BBTools is a suite of fast, multithreaded bioinformatics tools designed for analysis of DNA and RNA sequence data. BBTools can handle common sequencing file formats such as fastq, fasta, sam, scarf, fasta+qual, compressed or raw, with autodetection of quality encoding and interleaving. It is written in Java and works on any platform supporting Java, including Linux, MacOS, and Microsoft Windows and Linux; there are no dependencies other than Java (version 7 or higher). Program descriptions and options are shown when running the shell scripts with no parameters.
SeqKit is a cross-platform, ultrafast, and practical FASTA/Q manipulations tool that is friendly for researchers to complete wide ranges of FASTA/Q file processing. The toolkit supports plain or gzip-compressed input and output from either standard stream or files, therefore, it could be easily used in command-line pipe.
This package provides a number of small and efficient programs to perform common tasks with high throughput sequencing data in the FASTQ format. All of the programs work with typical FASTQ files as well as gzipped FASTQ files.
Bioawk is an extension to Brian Kernighan's awk, adding the support of several common biological data formats, including optionally gzip'ed BED, GFF, SAM, VCF, FASTA/Q and TAB-delimited formats with column names. It also adds a few built-in functions and an command line option to use TAB as the input/output delimiter. When the new functionality is not used, bioawk is intended to behave exactly the same as the original BWK awk.
Seqmagick is a kickass little utility built in the spirit of imagemagick to expose the file format conversion in Biopython in a convenient way. Instead of having a big mess of scripts, there is one that takes arguments.
The Biopieces are a collection of bioinformatics tools that can be pieced together in a very easy and flexible manner to perform both simple and complex tasks. The Biopieces work on a data stream in such a way that the data stream can be passed through several different Biopieces, each performing one specific task.
The Bio::ToolBox libraries provide an abstraction layer over a variety of different specialized BioPerl-style modules. For example, there is a special emphasis on the collection data values for defined genomic coordinate regions, regardless of whether the values come from a GFF database, Bam file, BigWig file, etc.

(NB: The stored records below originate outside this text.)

lemma dpp_prob_mem3:
  assumes "dpp P K" "K \<in> carrier_mat d d" "transpose_mat K = K" "h < i" "i < j" "j < d"
  shows "measure_pmf.prob P {S. h \<in> S \<and> i \<in> S \<and> j \<in> S} =
      K $$ (h,h) * K $$ (i,i) * K $$ (j,j) + 2 * K $$ (h,i) * K $$ (i,j) * K $$ (h,j)
    - K $$ (h,h) * (K $$ (i,j))\<^sup>2 - K $$ (i,i) * (K $$ (h,j))\<^sup>2 - K $$ (j,j) * (K $$ (h,i))\<^sup>2"
proof -
  have "measure_pmf.prob P {S. h \<in> S \<and> i \<in> S \<and> j \<in> S} = det (submatrix K {h,i,j} {h,i,j})"
    using dpp_prob_superset[OF assms(1,2), of "{h,i,j}"] assms(4-6) by simp
  moreover have "K $$ (i,h) = K $$ (h,i)" "K $$ (j,h) = K $$ (h,j)" "K $$ (j,i) = K $$ (i,j)"
    using symmetric_mat_entry[OF assms(2,3)] assms(4-6) by auto
  ultimately show ?thesis
    using det_principal_submatrix_triple[OF assms(2,4-6)] by (simp add: algebra_simps power2_eq_square)
qed

lemma expectation_coord: "measure_pmf.expectation P (coord i) = measure_pmf.prob P {S. i \<in> S}"
proof -
  have "coord i = indicator {S. i \<in> S}"
    by (auto simp: coord_def indicator_def)
  then show ?thesis
    by simp
qed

The FAST Analysis of Sequences Toolbox (FAST) is a set of Unix tools (for example fasgrep, fascut, fashead and fastr) for sequence bioinformatics modeled after the Unix textutils (such as grep, cut, head, tr, etc). FAST workflows are designed for "inline" (serial) processing of flatfile biological sequence record databases per-sequence, rather than per-line, through Unix command pipelines. The default data exchange format is multifasta (specifically, a restriction of BioPerl FastA format). FAST tools expose the power of Perl and BioPerl for sequence analysis to non-programmers in an easy-to-learn command-line paradigm.